Work to complete:
Count the lines of the data below that include the string "bsub", and provide nothing but the result.

══ Data excerpts ══

(* Let $G$ be a finite abelian group, $M$ a finite category, and $V\in\mathrm{Fun}(M,\mathrm{Vect}_{\hat G})$ indecomposable. Then every endomorphism $V\to V$ (natural transformation) is either nilpotent or an isomorphism.
   Context: $\hat G=G\sqcup\{0\}$ with $0$ absorbing. $\mathrm{Vect}_{\hat G}$: objects are finite pointed sets with an action of $\hat G$ ($0v=0$, $g0=0$) such that $G$ acts freely on nonzero elements; morphisms $f$ satisfy $f(0)=0$, $f(gv)=gf(v)$, and $f(v_1)=f(v_2)\neq0\Rightarrow Gv_1=Gv_2$. Direct sum $V\oplus W$ is disjoint union with zeros identified; in $\mathrm{Fun}(M,\mathrm{Vect}_{\hat G})$ (functors and natural transformations), subobjects and direct sums are formed pointwise. A finite category has finitely many objects and morphisms. $V$ is indecomposable if $V\neq0$ and $V=V_1\oplus V_2$ (for subfunctors $V_1,V_2$) implies $V_1=0$ or $V_2=0$. A natural transformation $N:V\to V$ is nilpotent if $N^m$ is the zero transformation for some $m\in\mathbb N$. *)

theory Defs
  imports "HOL-Algebra.Group"
begin

record ('o,'m) category =
  cat_ob   :: "'o set"
  cat_mor  :: "'m set"
  cat_dom  :: "'m \<Rightarrow> 'o"
  cat_cod  :: "'m \<Rightarrow> 'o"
  cat_id   :: "'o \<Rightarrow> 'm"
  cat_comp :: "'m \<Rightarrow> 'm \<Rightarrow> 'm"   (* cat_comp g f = g \<circ> f *)

definition is_category :: "('o,'m) category \<Rightarrow> bool" where
  "is_category M \<longleftrightarrow>
     (\<forall>f\<in>cat_mor M. cat_dom M f \<in> cat_ob M \<and> cat_cod M f \<in> cat_ob M) \<and>
     (\<forall>a\<in>cat_ob M. cat_id M a \<in> cat_mor M \<and> cat_dom M (cat_id M a) = a \<and> cat_cod M (cat_id M a) = a) \<and>
     (\<forall>f\<in>cat_mor M. \<forall>g\<in>cat_mor M. cat_cod M f = cat_dom M g \<longrightarrow>
        cat_comp M g f \<in> cat_mor M \<and> cat_dom M (cat_comp M g f) = cat_dom M f \<and>
        cat_cod M (cat_comp M g f) = cat_cod M g) \<and>
     (\<forall>f\<in>cat_mor M. cat_comp M (cat_id M (cat_cod M f)) f = f \<and> cat_comp M f (cat_id M (cat_dom M f)) = f) \<and>
     (\<forall>f\<in>cat_mor M. \<forall>g\<in>cat_mor M. \<forall>h\<in>cat_mor M.
        cat_cod M f = cat_dom M g \<longrightarrow> cat_cod M g = cat_dom M h \<longrightarrow>
        cat_comp M h (cat_comp M g f) = cat_comp M (cat_comp M h g) f)"

definition finite_category :: "('o,'m) category \<Rightarrow> bool" where
  "finite_category M \<longleftrightarrow> is_category M \<and> finite (cat_ob M) \<and> finite (cat_mor M)"

text \<open>An object of Vect over G-hat: a finite set X with base point z (the element 0)
  and an action of G; the absorbing element 0 of G-hat acts as the constant map to z.\<close>

definition vect_obj :: "('g,'b) monoid_scheme \<Rightarrow> 'x set \<Rightarrow> 'x \<Rightarrow> ('g \<Rightarrow> 'x \<Rightarrow> 'x) \<Rightarrow> bool" where
  "vect_obj G X z act \<longleftrightarrow>
     finite X \<and> z \<in> X \<and>
     (\<forall>g\<in>carrier G. \<forall>v\<in>X. act g v \<in> X) \<and>
     (\<forall>v\<in>X. act \<one>\<^bsub>G\<^esub> v = v) \<and>
     (\<forall>g\<in>carrier G. \<forall>h\<in>carrier G. \<forall>v\<in>X. act (g \<otimes>\<^bsub>G\<^esub> h) v = act g (act h v)) \<and>
     (\<forall>g\<in>carrier G. act g z = z) \<and>
     (\<forall>g\<in>carrier G. \<forall>v\<in>X. v \<noteq> z \<longrightarrow> act g v = v \<longrightarrow> g = \<one>\<^bsub>G\<^esub>)"

definition vect_mor :: "('g,'b) monoid_scheme \<Rightarrow> 'x set \<Rightarrow> 'x \<Rightarrow> ('g \<Rightarrow> 'x \<Rightarrow> 'x)
    \<Rightarrow> 'x set \<Rightarrow> 'x \<Rightarrow> ('g \<Rightarrow> 'x \<Rightarrow> 'x) \<Rightarrow> ('x \<Rightarrow> 'x) \<Rightarrow> bool" where
  "vect_mor G X z act Y w act' f \<longleftrightarrow>
     (\<forall>v\<in>X. f v \<in> Y) \<and> f z = w \<and>
     (\<forall>g\<in>carrier G. \<forall>v\<in>X. f (act g v) = act' g (f v)) \<and>
     (\<forall>v1\<in>X. \<forall>v2\<in>X. f v1 = f v2 \<longrightarrow> f v1 \<noteq> w \<longrightarrow> (\<exists>g\<in>carrier G. v1 = act g v2))"

record ('o,'m,'g,'x) vfunctor =
  vset  :: "'o \<Rightarrow> 'x set"
  vzero :: "'o \<Rightarrow> 'x"
  vact  :: "'o \<Rightarrow> 'g \<Rightarrow> 'x \<Rightarrow> 'x"
  vmap  :: "'m \<Rightarrow> 'x \<Rightarrow> 'x"

definition is_vfunctor :: "('g,'b) monoid_scheme \<Rightarrow> ('o,'m) category \<Rightarrow> ('o,'m,'g,'x) vfunctor \<Rightarrow> bool" where
  "is_vfunctor G M V \<longleftrightarrow>
     (\<forall>a\<in>cat_ob M. vect_obj G (vset V a) (vzero V a) (vact V a)) \<and>
     (\<forall>f\<in>cat_mor M. vect_mor G (vset V (cat_dom M f)) (vzero V (cat_dom M f)) (vact V (cat_dom M f))
                                  (vset V (cat_cod M f)) (vzero V (cat_cod M f)) (vact V (cat_cod M f))
                                  (vmap V f)) \<and>
     (\<forall>a\<in>cat_ob M. \<forall>v\<in>vset V a. vmap V (cat_id M a) v = v) \<and>
     (\<forall>f\<in>cat_mor M. \<forall>g\<in>cat_mor M. cat_cod M f = cat_dom M g \<longrightarrow>
        (\<forall>v\<in>vset V (cat_dom M f). vmap V (cat_comp M g f) v = vmap V g (vmap V f v)))"

definition nat_endo :: "('g,'b) monoid_scheme \<Rightarrow> ('o,'m) category \<Rightarrow> ('o,'m,'g,'x) vfunctor
    \<Rightarrow> ('o \<Rightarrow> 'x \<Rightarrow> 'x) \<Rightarrow> bool" where
  "nat_endo G M V N \<longleftrightarrow>
     (\<forall>a\<in>cat_ob M. vect_mor G (vset V a) (vzero V a) (vact V a) (vset V a) (vzero V a) (vact V a) (N a)) \<and>
     (\<forall>f\<in>cat_mor M. \<forall>v\<in>vset V (cat_dom M f).
        N (cat_cod M f) (vmap V f v) = vmap V f (N (cat_dom M f) v))"

definition nilpotent_endo :: "('o,'m) category \<Rightarrow> ('o,'m,'g,'x) vfunctor \<Rightarrow> ('o \<Rightarrow> 'x \<Rightarrow> 'x) \<Rightarrow> bool" where
  "nilpotent_endo M V N \<longleftrightarrow>
     (\<exists>m::nat. \<forall>a\<in>cat_ob M. \<forall>v\<in>vset V a. (N a ^^ m) v = vzero V a)"

definition iso_endo :: "('g,'b) monoid_scheme \<Rightarrow> ('o,'m) category \<Rightarrow> ('o,'m,'g,'x) vfunctor
    \<Rightarrow> ('o \<Rightarrow> 'x \<Rightarrow> 'x) \<Rightarrow> bool" where
  "iso_endo G M V N \<longleftrightarrow>
     (\<exists>N'. nat_endo G M V N' \<and>
        (\<forall>a\<in>cat_ob M. \<forall>v\<in>vset V a. N' a (N a v) = v \<and> N a (N' a v) = v))"

definition subfunctor :: "('g,'b) monoid_scheme \<Rightarrow> ('o,'m) category \<Rightarrow> ('o,'m,'g,'x) vfunctor
    \<Rightarrow> ('o \<Rightarrow> 'x set) \<Rightarrow> bool" where
  "subfunctor G M V S \<longleftrightarrow>
     (\<forall>a\<in>cat_ob M. S a \<subseteq> vset V a \<and> vzero V a \<in> S a \<and>
        (\<forall>g\<in>carrier G. \<forall>v\<in>S a. vact V a g v \<in> S a)) \<and>
     (\<forall>f\<in>cat_mor M. \<forall>v\<in>S (cat_dom M f). vmap V f v \<in> S (cat_cod M f))"

definition zero_subfunctor :: "('o,'m) category \<Rightarrow> ('o,'m,'g,'x) vfunctor \<Rightarrow> ('o \<Rightarrow> 'x set) \<Rightarrow> bool" where
  "zero_subfunctor M V S \<longleftrightarrow> (\<forall>a\<in>cat_ob M. S a = {vzero V a})"

definition is_direct_sum :: "('o,'m) category \<Rightarrow> ('o,'m,'g,'x) vfunctor
    \<Rightarrow> ('o \<Rightarrow> 'x set) \<Rightarrow> ('o \<Rightarrow> 'x set) \<Rightarrow> bool" where
  "is_direct_sum M V S1 S2 \<longleftrightarrow>
     (\<forall>a\<in>cat_ob M. vset V a = S1 a \<union> S2 a \<and> S1 a \<inter> S2 a = {vzero V a})"

definition indecomposable :: "('g,'b) monoid_scheme \<Rightarrow> ('o,'m) category \<Rightarrow> ('o,'m,'g,'x) vfunctor \<Rightarrow> bool" where
  "indecomposable G M V \<longleftrightarrow>
     \<not> zero_subfunctor M V (vset V) \<and>
     (\<forall>S1 S2. subfunctor G M V S1 \<longrightarrow> subfunctor G M V S2 \<longrightarrow> is_direct_sum M V S1 S2 \<longrightarrow>
        zero_subfunctor M V S1 \<or> zero_subfunctor M V S2)"

end

theory Submission
  imports Defs
begin

text \<open>This is Fitting's lemma. Because \<open>G\<close> acts freely, each component \<open>N a\<close> of an
  endomorphism is injective away from \<open>0\<close>; on the finite set \<open>V a\<close> every point is therefore
  either periodic under \<open>N a\<close> or eventually sent to \<open>0\<close>. The periodic points and the
  eventually vanishing points form two subfunctors whose direct sum is \<open>V\<close>, so by
  indecomposability one of them is zero: then either \<open>N\<close> is nilpotent (with a uniform exponent,
  as \<open>M\<close> and all \<open>V a\<close> are finite) or every component is a bijection, and the inverse
  components form a natural inverse.\<close>

lemma funpow_closed:
  assumes "f ` X \<subseteq> X" "v \<in> X"
  shows "(f ^^ k) v \<in> X"
  using assms by (induction k) auto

═══

Your response:
3